However, even at that, with the way things go with technology these days and how fast they update things, it will always come into play. Of course, the MacBook would be "compatible" with any new OS that rolls out for a good time out. I bought this G4 I'm typing on right now knowing that, well, confident that it would last me for at least 5 years, save natural disaster or something. I would imagine-pure speculation-that Leopard would crawl on a G3. Though by observation, again, Tiger runs a little slow on G3s right now unless you boost it with more RAM, and even at that (like I did with my iMac G3, had 1 GB of RAM in there), it doesn't help much.
While all the second-hand “TiBooks” I see on eBay look like they’ve been through a war-since their silver color was just easily-chipped paint-the aluminum just wears its scars with pride.They say that the only worry people have right now is Apple abandoning the G3 chips which also wouldn't be good for "business" since there are still a lot of G3 users out there (like schools, like myself, etc.). Breaks your heart, doesn’t it? We don’t mind too much if a machine gets a bit knocked up after it’s lived with us for a few years, but for those first few weeks most of us cosset and coo over it like it’s a newborn baby, and are just about as upset if any harm befalls it.Īnd actually, this new material, aluminum, was much more resilient than the titanium shell of the previous PowerBook G4. I know you’ll join me in an empathetic gasp of horror when I tell you that just a few days later he pulled it from his bag only to discover that the big three-pronged UK plug had gouged a big thick track in the pristine lid.
If I remember correctly, on the first day they were in the shops, he went down, slapped his credit card on the counter, and walked out with possibly the most desirable Mac that Apple had ever made-I was so jealous that he could do that. I had just started working at MacUser magazine in London when they finally shipped, much later in 2003, and my colleague and friend Kenny Hemphill succumbed. It looked stunning, and was just so tremendously powerful.
Above all, though, that aluminum shell-the first time Apple had used this material, which, for a decade or more since, its Macs have been hewn from-spoke of power, of fluency, of ability.Īnd oh my, I wanted one.

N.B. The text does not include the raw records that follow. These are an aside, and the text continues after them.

(* Let $s,q\in\mathbb N$ and $\epsilon\in(0,1)$. Let $\xi$ be a detailing of a distribution $\mu$ over $\{0,1\}^n$ with respect to a finite set $A$, with weight distribution $\eta$ and type distribution $\Lambda$, and let $\widetilde\eta$ be a distribution over $A$ and $\widetilde\Lambda$ a finitely supported distribution over $[0,1]^A$ with $d^\eta_{EM}(\Lambda,\widetilde\Lambda)\le\epsilon/(3sq)$ and $d_{TV}(\eta,\widetilde\eta)\le\epsilon/(3s)$. If $n\ge18q^2(s+1)/\epsilon$ and $\xi$ is $\left(\frac{\epsilon}{9(s+1)},q\right)$-good, then $d_{TV}(\mathcal{D}_{sim}(\widetilde\eta,\widetilde\Lambda),\mathcal{D}^{s,q}_{test}(\mu))\le\epsilon$. Consequently, for every function $\alpha:\{0,1\}^{s\times q}\to[0,1]$, $\left|\mathbb{E}_{M\sim\mathcal{D}_{sim}(\widetilde\eta,\widetilde\Lambda)}[\alpha(M)]-\mathbb{E}_{M\sim\mathcal{D}^{s,q}_{test}(\mu)}[\alpha(M)]\right|\le\epsilon$.
   Context: A detailing of $\mu$ with respect to a finite set $A$ is a distribution $\xi$ over $\{0,1\}^n\times A$ whose marginal on $\{0,1\}^n$ is $\mu$; its weight distribution is $\eta=\xi|_2$, and $\xi|_1^{2:a}$ is the conditional distribution of the first coordinate given second coordinate $a$. The type of $i\in[n]$ is $t_i\in[0,1]^A$, $t_i(a)=\Pr_{x\sim\xi|_1^{2:a}}[x_i=1]$ if $\eta(a)>0$ and $0$ otherwise; the type distribution $\Lambda$ is the law of $t_{\mathbf i}$ for $\mathbf i$ uniform in $[n]$. A $q$-tuple $(j_1,\dots,j_q)$ of distinct indices is $\epsilon$-independent w.r.t. a distribution $\nu$ over $\{0,1\}^n$ if $d_{TV}(\nu|_{\{j_1,\dots,j_q\}},\prod_\ell\nu|_{j_\ell})\le\epsilon$; $\nu$ is $(\epsilon,q)$-good if at least a $1-\epsilon$ fraction of the $q$-tuples of distinct indices are $\epsilon$-independent; $\xi$ is $(\epsilon,q)$-good if some $J\subseteq A$ with $\eta(J)\ge1-\epsilon$ has $\xi|_1^{2:a}$ $(\epsilon,q)$-good for all $a\in J$. For $x,y\in[0,1]^A$, $d^\eta_{\ell_1}(x,y)=\sum_a\eta(a)|x_a-y_a|$ and $d^\eta_{EM}$ is the Earth Mover distance w.r.t. it. $\mathcal{D}_{sim}(\eta,\Lambda)$: draw $t_1..t_q\sim\Lambda$, $a_1..a_s\sim\eta$ independently, then $M_{i,j}\sim\mathrm{Ber}(t_j(a_i))$ independently. $\mathcal{D}^{s,q}_{test}(\mu)$: draw $x^1..x^s\sim\mu$ and $j_1..j_q$ uniform in $[n]$ independently, and output $M_{i,k}=x^i_{j_k}$. *)

theory Defs
  imports "HOL-Probability.Probability"
begin

text \<open>Vectors in {0,1}^n are functions nat => bool (coordinates 0..n-1);
  s x q matrices are functions nat * nat => bool, False outside {..<s} x {..<q}.
  The finite set A is a finite type 'a.\<close>

definition tv_dist :: "'b pmf \<Rightarrow> 'b pmf \<Rightarrow> real" where
  "tv_dist p r = (SUP S. \<bar>measure_pmf.prob p S - measure_pmf.prob r S\<bar>)"

definition is_detailing :: "nat \<Rightarrow> (nat \<Rightarrow> bool) pmf \<Rightarrow> ((nat \<Rightarrow> bool) \<times> 'a) pmf \<Rightarrow> bool" where
  "is_detailing n \<mu> \<xi> \<longleftrightarrow> map_pmf fst \<xi> = \<mu> \<and> set_pmf \<mu> \<subseteq> {x. \<forall>i\<ge>n. \<not> x i}"

definition weight_dist :: "((nat \<Rightarrow> bool) \<times> 'a) pmf \<Rightarrow> 'a pmf" where
  "weight_dist \<xi> = map_pmf snd \<xi>"

definition cond1 :: "((nat \<Rightarrow> bool) \<times> 'a) pmf \<Rightarrow> 'a \<Rightarrow> (nat \<Rightarrow> bool) pmf" where
  "cond1 \<xi> a = map_pmf fst (cond_pmf \<xi> {p. snd p = a})"

definition type_of :: "((nat \<Rightarrow> bool) \<times> 'a) pmf \<Rightarrow> nat \<Rightarrow> 'a \<Rightarrow> real" where
  "type_of \<xi> i = (\<lambda>a. if pmf (weight_dist \<xi>) a > 0
       then measure_pmf.prob (cond1 \<xi> a) {x. x i} else 0)"

definition type_dist :: "nat \<Rightarrow> ((nat \<Rightarrow> bool) \<times> 'a) pmf \<Rightarrow> ('a \<Rightarrow> real) pmf" where
  "type_dist n \<xi> = map_pmf (type_of \<xi>) (pmf_of_set {..<n})"

definition distinct_tuples :: "nat \<Rightarrow> nat \<Rightarrow> (nat \<Rightarrow> nat) set" where
  "distinct_tuples n q = {j. (\<forall>l<q. j l < n) \<and> inj_on j {..<q} \<and> (\<forall>l\<ge>q. j l = 0)}"

definition eps_independent :: "real \<Rightarrow> nat \<Rightarrow> (nat \<Rightarrow> bool) pmf \<Rightarrow> (nat \<Rightarrow> nat) \<Rightarrow> bool" where
  "eps_independent \<epsilon> q \<nu> j \<longleftrightarrow>
     tv_dist (map_pmf (\<lambda>x l. if l < q then x (j l) else False) \<nu>)
             (Pi_pmf {..<q} False (\<lambda>l. map_pmf (\<lambda>x. x (j l)) \<nu>)) \<le> \<epsilon>"

definition good_dist :: "nat \<Rightarrow> real \<Rightarrow> nat \<Rightarrow> (nat \<Rightarrow> bool) pmf \<Rightarrow> bool" where
  "good_dist n \<epsilon> q \<nu> \<longleftrightarrow>
     real (card {j \<in> distinct_tuples n q. eps_independent \<epsilon> q \<nu> j})
       \<ge> (1 - \<epsilon>) * real (card (distinct_tuples n q))"

definition good_detailing :: "nat \<Rightarrow> real \<Rightarrow> nat \<Rightarrow> ((nat \<Rightarrow> bool) \<times> 'a) pmf \<Rightarrow> bool" where
  "good_detailing n \<epsilon> q \<xi> \<longleftrightarrow>
     (\<exists>J. J \<subseteq> set_pmf (weight_dist \<xi>) \<and> measure_pmf.prob (weight_dist \<xi>) J \<ge> 1 - \<epsilon>
          \<and> (\<forall>a\<in>J. good_dist n \<epsilon> q (cond1 \<xi> a)))"

definition d_l1 :: "'a::finite pmf \<Rightarrow> ('a \<Rightarrow> real) \<Rightarrow> ('a \<Rightarrow> real) \<Rightarrow> real" where
  "d_l1 \<eta> x y = (\<Sum>a\<in>UNIV. pmf \<eta> a * \<bar>x a - y a\<bar>)"

definition couplings :: "'b pmf \<Rightarrow> 'c pmf \<Rightarrow> ('b \<times> 'c) pmf set" where
  "couplings p r = {\<pi>. map_pmf fst \<pi> = p \<and> map_pmf snd \<pi> = r}"

definition d_EM :: "'a::finite pmf \<Rightarrow> ('a \<Rightarrow> real) pmf \<Rightarrow> ('a \<Rightarrow> real) pmf \<Rightarrow> real" where
  "d_EM \<eta> \<Lambda> \<Lambda>' = (INF \<pi>\<in>couplings \<Lambda> \<Lambda>'. measure_pmf.expectation \<pi> (\<lambda>(x, y). d_l1 \<eta> x y))"

definition D_sim :: "nat \<Rightarrow> nat \<Rightarrow> 'a pmf \<Rightarrow> ('a \<Rightarrow> real) pmf \<Rightarrow> (nat \<times> nat \<Rightarrow> bool) pmf" where
  "D_sim s q \<eta> \<Lambda> = do {
     t \<leftarrow> Pi_pmf {..<q} undefined (\<lambda>_. \<Lambda>);
     a \<leftarrow> Pi_pmf {..<s} undefined (\<lambda>_. \<eta>);
     Pi_pmf ({..<s} \<times> {..<q}) False (\<lambda>(i, j). bernoulli_pmf (t j (a i)))
   }"

definition D_test :: "nat \<Rightarrow> nat \<Rightarrow> nat \<Rightarrow> (nat \<Rightarrow> bool) pmf \<Rightarrow> (nat \<times> nat \<Rightarrow> bool) pmf" where
  "D_test n s q \<mu> = do {
     xs \<leftarrow> Pi_pmf {..<s} undefined (\<lambda>_. \<mu>);
     js \<leftarrow> Pi_pmf {..<q} undefined (\<lambda>_. pmf_of_set {..<n});
     return_pmf (\<lambda>(i, k). if i < s \<and> k < q then xs i (js k) else False)
   }"

end

theory Submission
  imports Defs
begin

text \<open>By the triangle inequality the distance splits into three parts. Replacing eta' by eta
  only changes the s independently drawn row weights, at cost s * d_TV(eta, eta'). Along any
  coupling of Lambda and Lambda', each of the s * q Bernoulli entries moves by at most the
  eta-weighted l1-distance of the coupled types, which gives s * q * d_EM(Lambda, Lambda').
  Finally, given the row weights a_i and the column indices j_k, D_test(mu) draws each row from
  the conditional distribution for a_i restricted to the columns, whereas D_sim(eta, Lambda)
  draws the product of its marginals. A row therefore costs at most e = epsilon / (9 (s + 1))
  when its weight is good and the tuple is distinct and e-independent, and at most 1 otherwise.
  Colliding tuples have probability at most q^2 / n, bad weights at most e and bad distinct
  tuples at most e, which gives q^2 / n + 3 s e.\<close>

abbreviation Pr :: "'b pmf \<Rightarrow> 'b set \<Rightarrow> real" where
  "Pr p S \<equiv> measure_pmf.prob p S"

abbreviation Ep :: "'b pmf \<Rightarrow> ('b \<Rightarrow> real) \<Rightarrow> real" where
  "Ep p f \<equiv> measure_pmf.expectation p f"

lemma integrable_measure_pmf_bounded:
  fixes f :: "'b \<Rightarrow> real"
  shows "(\<And>x. \<bar>f x\<bar> \<le> B) \<Longrightarrow> integrable (measure_pmf M) f"
  by (intro measure_pmf.integrable_const_bound[where B = B]) auto

lemma measure_bind_pmf: "Pr (bind_pmf M N) X = Ep M (\<lambda>x. Pr (N x) X)"
proof -
  have "ennreal (Pr (bind_pmf M N) X) = (\<integral>\<^sup>+x. ennreal (Pr (N x) X) \<partial>M)"
    by (simp add: measure_pmf.emeasure_eq_measure[symmetric])
  also have "\<dots> = ennreal (Ep M (\<lambda>x. Pr (N x) X))"
    by (intro nn_integral_eq_integral integrable_measure_pmf_bounded[where B = 1]) auto
  finally show ?thesis by (simp add: integral_nonneg_AE)
qed

subsection \<open>Total variation distance\<close>

lemma abs_prob_diff_le_1: "\<bar>Pr p S - Pr r S\<bar> \<le> 1"
  using measure_pmf.prob_le_1[of p S] measure_pmf.prob_le_1[of r S]
    measure_nonneg[of p S] measure_nonneg[of r S] by linarith

lemma prob_diff_le_tv_dist: "\<bar>Pr p S - Pr r S\<bar> \<le> tv_dist p r"
  unfolding tv_dist_def
  by (rule cSUP_upper) (auto intro: bdd_aboveI[where M = 1] abs_prob_diff_le_1)

lemma tv_dist_le: "(\<And>S. \<bar>Pr p S - Pr r S\<bar> \<le> c) \<Longrightarrow> tv_dist p r \<le> c"
  unfolding tv_dist_def by (rule cSUP_least) auto

lemma tv_dist_nonneg: "0 \<le> tv_dist p r"
  using prob_diff_le_tv_dist[of p "{}" r] by simp

lemma tv_dist_le_1: "tv_dist p r \<le> 1"
  by (intro tv_dist_le abs_prob_diff_le_1)

lemma tv_dist_self: "tv_dist p p = 0"
  using tv_dist_le[of p p 0] tv_dist_nonneg[of p p] by simp

lemma tv_dist_commute: "tv_dist p r = tv_dist r p"
  unfolding tv_dist_def by (simp add: abs_minus_commute)

lemma tv_dist_triangle: "tv_dist p r \<le> tv_dist p m + tv_dist m r"
proof (rule tv_dist_le)
  fix S
  have "\<bar>Pr p S - Pr r S\<bar> \<le> \<bar>Pr p S - Pr m S\<bar> + \<bar>Pr m S - Pr r S\<bar>" by linarith
  also have "\<dots> \<le> tv_dist p m + tv_dist m r" by (intro add_mono prob_diff_le_tv_dist)
  finally show "\<bar>Pr p S - Pr r S\<bar> \<le> tv_dist p m + tv_dist m r" .
qed

lemma tv_dist_map_pmf: "tv_dist (map_pmf f p) (map_pmf f r) \<le> tv_dist p r"
  by (rule tv_dist_le) (simp add: prob_diff_le_tv_dist)

lemma expectation_diff_le_prob_diff:
  fixes g :: "'b \<Rightarrow> real"
  assumes "\<And>x. 0 \<le> g x" "\<And>x. g x \<le> 1"
  shows "Ep p g - Ep r g \<le> Pr p {x. pmf r x < pmf p x} - Pr r {x. pmf r x < pmf p x}"
proof -
  let ?S = "{x. pmf r x < pmf p x}" and ?f = "\<lambda>x. (pmf p x - pmf r x) * g x"
  have weighted: "Infinite_Set_Sum.abs_summable_on (\<lambda>x. pmf M x * g x) A" for M A
    by (rule abs_summable_on_comparison_test'[OF pmf_abs_summable])
      (use assms in \<open>auto simp: abs_mult intro!: mult_left_le\<close>)
  have summable: "Infinite_Set_Sum.abs_summable_on ?f A" for A
    unfolding left_diff_distrib by (intro abs_summable_on_diff weighted)
  have "Ep p g - Ep r g = infsetsum ?f UNIV"
    by (simp add: pmf_expectation_eq_infsetsum left_diff_distrib infsetsum_diff[OF weighted weighted])
  also have "\<dots> \<le> infsetsum ?f ?S"
    by (rule infsetsum_mono_neutral_right[OF summable summable])
      (use assms in \<open>auto simp: mult_le_0_iff\<close>)
  also have "\<dots> \<le> infsetsum (\<lambda>x. pmf p x - pmf r x) ?S"
    by (rule infsetsum_mono[OF summable]) (use assms in \<open>auto intro: mult_left_le\<close>)
  also have "\<dots> = Pr p ?S - Pr r ?S"
    by (simp add: measure_pmf_conv_infsetsum infsetsum_diff[OF pmf_abs_summable pmf_abs_summable])
  finally show ?thesis .
qed

lemma abs_expectation_diff_le_tv_dist:
  fixes g :: "'b \<Rightarrow> real"
  assumes "\<And>x. 0 \<le> g x" "\<And>x. g x \<le> 1"
  shows "\<bar>Ep p g - Ep r g\<bar> \<le> tv_dist p r"
proof -
  have one_sided: "Ep p g - Ep r g \<le> tv_dist p r" for p r :: "'b pmf"
    using expectation_diff_le_prob_diff[where g = g and p = p and r = r, OF assms]
    by (rule order.trans[OF _ order.trans[OF abs_ge_self prob_diff_le_tv_dist]])
  show ?thesis
    unfolding abs_le_iff using one_sided[of p r] one_sided[of r p] tv_dist_commute[of r p] by linarith
qed

lemma tv_dist_bind_pmf_left: "tv_dist (bind_pmf p f) (bind_pmf r f) \<le> tv_dist p r"
  by (rule tv_dist_le) (simp add: measure_bind_pmf abs_expectation_diff_le_tv_dist)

It felt chunky and dense, and the iBook-inspired soft, round edges gave it a friendliness as well. Although not directly comparable, the fact that the first 12-inch PowerBook G4 had an 867MHz processor while the entry-level Power Mac G4 announced at the same time seemed to be only slightly faster at 1GHz meant that this was when laptops stopped looking like underpowered runts next to desktops.Īnd there was something just hugely cute about the little package all that G4 power was stuffed into. Before it was announced in January 2003, anyone buying a laptop realistically had to decide between capability and portability, but with the 12-inch PowerBook G4, you felt for the first time like you could have both: a powerful machine easily able to be your main Mac, in a tiny, chuck-it-in-a-bag frame. It wasn’t a machine without compromise, as our review at the time made clear, but it felt like it was. The 12-inch PowerBook G4 was such a machine. At its best, Apple has the ability to make stuff that reaches right around the rational, pragmatic part of your brain to grab your amygdala and squeeze it till the juice runs out.